◆ Exercise objective
Look through the entries below for the string "exists", and copy each line where it is found.

--- Data to use Enclosed Below ---

(* An exceptional graph has no cycle whose length is divisible by $3$.
   Context: All graphs are finite and simple. Let $r$ be a degree-$2$ vertex of a graph $G$. $G$ is an exceptional graph with root $r$ if there is a sequence $(G_0,x_0,y_0),\ldots,(G_n,x_n,y_n)$, $n\ge 0$, with $G_0=K_{2,3}$, $G_n=G$, such that for each $i$ the vertices $r,x_i,y_i$ are distinct degree-$2$ vertices of $G_i$, and for each $i<n$: (1) if $x_iy_i\notin E(G_i)$, $G_{i+1}$ is obtained from $G_i$ by adding a new path of length $3$ joining $x_i$ and $y_i$; (2) if $x_iy_i\in E(G_i)$, $G_{i+1}$ is obtained from $G_i$ either by adding a new vertex $v$ with $N_{G_{i+1}}(v)=N_{G_i}(w)$ for some $w\in\{x_i,y_i\}$, or by adding a new $4$-cycle $abcda$ and the edges $ax_i,cy_i$. A graph is exceptional if it is an exceptional graph with some root. *)

theory Defs
  imports Main
begin

definition simple_graph :: "'a set \<Rightarrow> 'a set set \<Rightarrow> bool" where
  "simple_graph V E \<longleftrightarrow> finite V \<and> (\<forall>e\<in>E. \<exists>u v. e = {u, v} \<and> u \<noteq> v \<and> u \<in> V \<and> v \<in> V)"

definition nbrs :: "'a set set \<Rightarrow> 'a \<Rightarrow> 'a set" where
  "nbrs E v = {u. {v, u} \<in> E}"

definition degree :: "'a set set \<Rightarrow> 'a \<Rightarrow> nat" where
  "degree E v = card (nbrs E v)"

definition K23_edges :: "'a \<Rightarrow> 'a \<Rightarrow> 'a \<Rightarrow> 'a \<Rightarrow> 'a \<Rightarrow> 'a set set" where
  "K23_edges a1 a2 b1 b2 b3 =
     {{a1, b1}, {a1, b2}, {a1, b3}, {a2, b1}, {a2, b2}, {a2, b3}}"

text \<open>exc_seq V E r: (V,E) is the last graph G_n of a sequence as in the definition,
  where the conditions on (x_i, y_i) for i < n have been checked at each step.\<close>
inductive exc_seq :: "'a set \<Rightarrow> 'a set set \<Rightarrow> 'a \<Rightarrow> bool" where
  base: "distinct [a1, a2, b1, b2, b3] \<Longrightarrow>
    exc_seq {a1, a2, b1, b2, b3} (K23_edges a1 a2 b1 b2 b3) r"
| path3: "\<lbrakk> exc_seq V E r; r \<in> V; x \<in> V; y \<in> V; distinct [r, x, y];
      degree E r = 2; degree E x = 2; degree E y = 2;
      {x, y} \<notin> E; a \<notin> V; b \<notin> V; a \<noteq> b \<rbrakk> \<Longrightarrow>
    exc_seq (V \<union> {a, b}) (E \<union> {{x, a}, {a, b}, {b, y}}) r"
| twin: "\<lbrakk> exc_seq V E r; r \<in> V; x \<in> V; y \<in> V; distinct [r, x, y];
      degree E r = 2; degree E x = 2; degree E y = 2;
      {x, y} \<in> E; w \<in> {x, y}; v \<notin> V \<rbrakk> \<Longrightarrow>
    exc_seq (insert v V) (E \<union> {{v, u} | u. u \<in> nbrs E w}) r"
| cycle4: "\<lbrakk> exc_seq V E r; r \<in> V; x \<in> V; y \<in> V; distinct [r, x, y];
      degree E r = 2; degree E x = 2; degree E y = 2;
      {x, y} \<in> E; distinct [a, b, c, d]; a \<notin> V; b \<notin> V; c \<notin> V; d \<notin> V \<rbrakk> \<Longrightarrow>
    exc_seq (V \<union> {a, b, c, d})
      (E \<union> {{a, b}, {b, c}, {c, d}, {d, a}, {a, x}, {c, y}}) r"

text \<open>The final graph G_n must also contain distinct degree-2 vertices r, x_n, y_n.\<close>
definition exceptional_root :: "'a set \<Rightarrow> 'a set set \<Rightarrow> 'a \<Rightarrow> bool" where
  "exceptional_root V E r \<longleftrightarrow> exc_seq V E r \<and> r \<in> V \<and> degree E r = 2 \<and>
     (\<exists>x y. x \<in> V \<and> y \<in> V \<and> distinct [r, x, y] \<and> degree E x = 2 \<and> degree E y = 2)"

definition exceptional :: "'a set \<Rightarrow> 'a set set \<Rightarrow> bool" where
  "exceptional V E \<longleftrightarrow> (\<exists>r. exceptional_root V E r)"

definition is_cycle :: "'a set \<Rightarrow> 'a set set \<Rightarrow> 'a list \<Rightarrow> bool" where
  "is_cycle V E cs \<longleftrightarrow> length cs \<ge> 3 \<and> distinct cs \<and> set cs \<subseteq> V \<and>
     (\<forall>i < length cs. {cs ! i, cs ! ((i + 1) mod length cs)} \<in> E)"

end

theory Submission
  imports Defs
begin

text \<open>
  The proof is an induction along the construction sequence with a stronger invariant: the
  graph is simple with minimum degree 2, no cycle has length divisible by 3, and apart from
  the root there are exactly two vertices s, t of degree 2 (the only candidates for the next
  x_i, y_i) such that, if s and t are not adjacent, no s--t path has a number of edges
  divisible by 3.

  For K_{2,3} this holds because the graph is bipartite with 5 vertices. Each step glues a
  gadget onto x and y. A new cycle either stays inside a small part of the gadget, where it
  has length 4, or consists of a path through the gadget and an old x--y path Q. If x and y
  are not adjacent, the path condition controls the length of Q; if they are, Q closed by the
  edge xy is an old cycle. The new vertex of a twin step has the same two neighbours as its
  twin, and a cycle avoiding the twin becomes an old cycle once the two are identified.
\<close>

abbreviation walk :: "'a set set \<Rightarrow> 'a list \<Rightarrow> bool" where
  "walk E \<equiv> successively (\<lambda>u w. {u, w} \<in> E)"

definition is_path :: "'a set \<Rightarrow> 'a set set \<Rightarrow> 'a list \<Rightarrow> bool" where
  "is_path V E P \<longleftrightarrow> P \<noteq> [] \<and> distinct P \<and> set P \<subseteq> V \<and> walk E P"

lemma nbrs_iff [simp]: "u \<in> nbrs E v \<longleftrightarrow> {v, u} \<in> E"
  by (simp add: nbrs_def)

lemma distinct_hd_eq_last: "distinct xs \<Longrightarrow> xs \<noteq> [] \<Longrightarrow> hd xs = last xs \<Longrightarrow> xs = [hd xs]"
  by (metis distinct.simps(2) last_in_set last_tl list.exhaust_sel)

lemma is_path_rev [simp]: "is_path V E (rev P) \<longleftrightarrow> is_path V E P"
  by (simp add: is_path_def insert_commute)

lemma is_path_Cons:
  "is_path V E (u # P) \<longleftrightarrow> u \<in> V \<and> (P = [] \<or> is_path V E P \<and> u \<notin> set P \<and> {u, hd P} \<in> E)"
  by (auto simp: is_path_def successively_Cons)

lemma is_path_Cons_Cons_edge: "is_path V E (u # w # P) \<Longrightarrow> {u, w} \<in> E"
  by (simp add: is_path_Cons)

lemma is_path_append:
  assumes "P \<noteq> []" "Q \<noteq> []"
  shows "is_path V E (P @ Q) \<longleftrightarrow>
    is_path V E P \<and> is_path V E Q \<and> set P \<inter> set Q = {} \<and> {last P, hd Q} \<in> E"
  using assms by (auto simp: is_path_def successively_append_iff)

lemma is_cycle_iff:
  "is_cycle V E cs \<longleftrightarrow> 3 \<le> length cs \<and> is_path V E cs \<and> {last cs, hd cs} \<in> E"
proof (cases "3 \<le> length cs")
  case True
  let ?n = "length cs"
  have n: "Suc (?n - 1) = ?n" "cs \<noteq> []" using True by auto
  have "(\<forall>i < ?n. {cs ! i, cs ! ((i + 1) mod ?n)} \<in> E) \<longleftrightarrow>
      (\<forall>i. Suc i < ?n \<longrightarrow> {cs ! i, cs ! Suc i} \<in> E) \<and> {cs ! (?n - 1), cs ! 0} \<in> E"
    (is "?all \<longleftrightarrow> ?walk \<and> ?close")
  proof
    assume all: ?all
    have ?close using all[rule_format, of "?n - 1"] n by simp
    moreover have ?walk
    proof (intro allI impI)
      fix i assume "Suc i < ?n"
      then show "{cs ! i, cs ! Suc i} \<in> E" using all[rule_format, of i] by simp
    qed
    ultimately show "?walk \<and> ?close" by blast
  next
    assume walk_close: "?walk \<and> ?close"
    show ?all
    proof (intro allI impI)
      fix i assume "i < ?n"
      then consider "Suc i < ?n" | "i = ?n - 1" by linarith
      then show "{cs ! i, cs ! ((i + 1) mod ?n)} \<in> E"
        by cases (use walk_close n in auto)
    qed
  qed
  then show ?thesis
    using True n by (auto simp: is_cycle_def is_path_def successively_conv_nth hd_conv_nth last_conv_nth)
qed (simp add: is_cycle_def)

lemma is_cycle_Cons_iff:
  "is_cycle V E (v # R) \<longleftrightarrow>
    v \<in> V \<and> v \<notin> set R \<and> is_path V E R \<and> 2 \<le> length R \<and> {v, hd R} \<in> E \<and> {last R, v} \<in> E"
  by (cases R) (auto simp: is_cycle_iff is_path_Cons)

lemma is_cycle_rotate: "is_cycle V E (xs @ ys) \<Longrightarrow> is_cycle V E (ys @ xs)"
  by (cases "xs = []"; cases "ys = []")
    (auto simp: is_cycle_iff is_path_append insert_commute Int_commute)

lemma is_cycle_through:
  assumes "is_cycle V E cs" "v \<in> set cs"
  obtains R where "is_path V E R" "v \<notin> set R" "hd R \<in> nbrs E v" "last R \<in> nbrs E v"
    "hd R \<noteq> last R" "set cs = insert v (set R)" "length cs = Suc (length R)"
proof -
  obtain xs ys where cs: "cs = xs @ v # ys" using split_list[OF assms(2)] by blast
  define R where "R = ys @ xs"
  have "is_cycle V E (v # R)" using is_cycle_rotate[of V E xs "v # ys"] assms(1) cs R_def by simp
  then have R: "is_path V E R" "v \<notin> set R" "2 \<le> length R" "{v, hd R} \<in> E" "{last R, v} \<in> E"
    by (auto simp: is_cycle_Cons_iff)
  have "hd R \<noteq> last R"
  proof
    assume "hd R = last R"
    then have "R = [hd R]" using distinct_hd_eq_last R(1) unfolding is_path_def by blast
    then have "length R = 1" by (metis One_nat_def length_Cons list.size(3))
    then show False using R(3) by simp
  qed
  moreover have "set cs = insert v (set R)" "length cs = Suc (length R)" using cs R_def by auto
  ultimately show thesis using that R by (simp add: insert_commute)
qed

lemma is_cycle_through_degree2:
  assumes "is_cycle V E cs" "v \<in> set cs" "nbrs E v = {p, q}"
  obtains R where "is_path V E R" "v \<notin> set R" "hd R = p" "last R = q"
    "set cs = insert v (set R)" "length cs = Suc (length R)"
proof -
  obtain R where R: "is_path V E R" "v \<notin> set R" "hd R \<in> {p, q}" "last R \<in> {p, q}"
    "hd R \<noteq> last R" "set cs = insert v (set R)" "length cs = Suc (length R)"
    using is_cycle_through[OF assms(1,2)] assms(3) by metis
  then have "R \<noteq> []" by (auto simp: is_path_def)
  show thesis
  proof (cases "hd R = p")
    case True
    then show thesis using that R by auto
  next
    case False
    then show thesis using that[of "rev R"] R \<open>R \<noteq> []\<close> by (auto simp: hd_rev last_rev)
  qed
qed

lemma is_path_restrict:
  assumes "is_path V' (E \<union> F) P" "set P \<subseteq> V" "\<forall>e\<in>F. \<not> e \<subseteq> V"
  shows "is_path V E P"
proof -
  have "walk (E \<union> F) P" using assms(1) by (simp add: is_path_def)
  then have "walk E P"
    by (rule successively_mono) (use assms(2,3) in auto)
  then show ?thesis using assms(1,2) by (simp add: is_path_def)
qed

lemma is_cycle_restrict:
  assumes "is_cycle V' (E \<union> F) cs" "set cs \<subseteq> V" "\<forall>e\<in>F. \<not> e \<subseteq> V"
  shows "is_cycle V E cs"
proof -
  have "cs \<noteq> []" using assms(1) by (auto simp: is_cycle_iff is_path_def)
  then have "{last cs, hd cs} \<subseteq> V" using assms(2) by auto
  then show ?thesis using assms is_path_restrict by (fastforce simp: is_cycle_iff)
qed

lemma is_cycle_map:
  assumes "is_cycle V E cs" "inj_on f (set cs)" "f ` set cs \<subseteq> V'"
    "\<And>u w. u \<in> set cs \<Longrightarrow> w \<in> set cs \<Longrightarrow> {u, w} \<in> E \<Longrightarrow> {f u, f w} \<in> E'"
  shows "is_cycle V' E' (map f cs)"
proof -
  have cs: "3 \<le> length cs" "cs \<noteq> []" "distinct cs" "walk E cs" "{last cs, hd cs} \<in> E"
    using assms(1) by (auto simp: is_cycle_iff is_path_def)
  have "walk E' (map f cs)"
    unfolding successively_map using cs(4) assms(4) by (rule successively_mono) auto
  then show ?thesis
    using cs assms(2-4) by (simp add: is_cycle_iff is_path_def distinct_map hd_map last_map)
qed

--- End of Enclosed Data to use ---

◆ Answer to the exercise
  "simple_graph V E \<longleftrightarrow> finite V \<and> (\<forall>e\<in>E. \<exists>u v. e = {u, v} \<and> u \<noteq> v \<and> u \<in> V \<and> v \<in> V)"
     (\<exists>x y. x \<in> V \<and> y \<in> V \<and> distinct [r, x, y] \<and> degree E x = 2 \<and> degree E y = 2)"
  "exceptional V E \<longleftrightarrow> (\<exists>r. exceptional_root V E r)"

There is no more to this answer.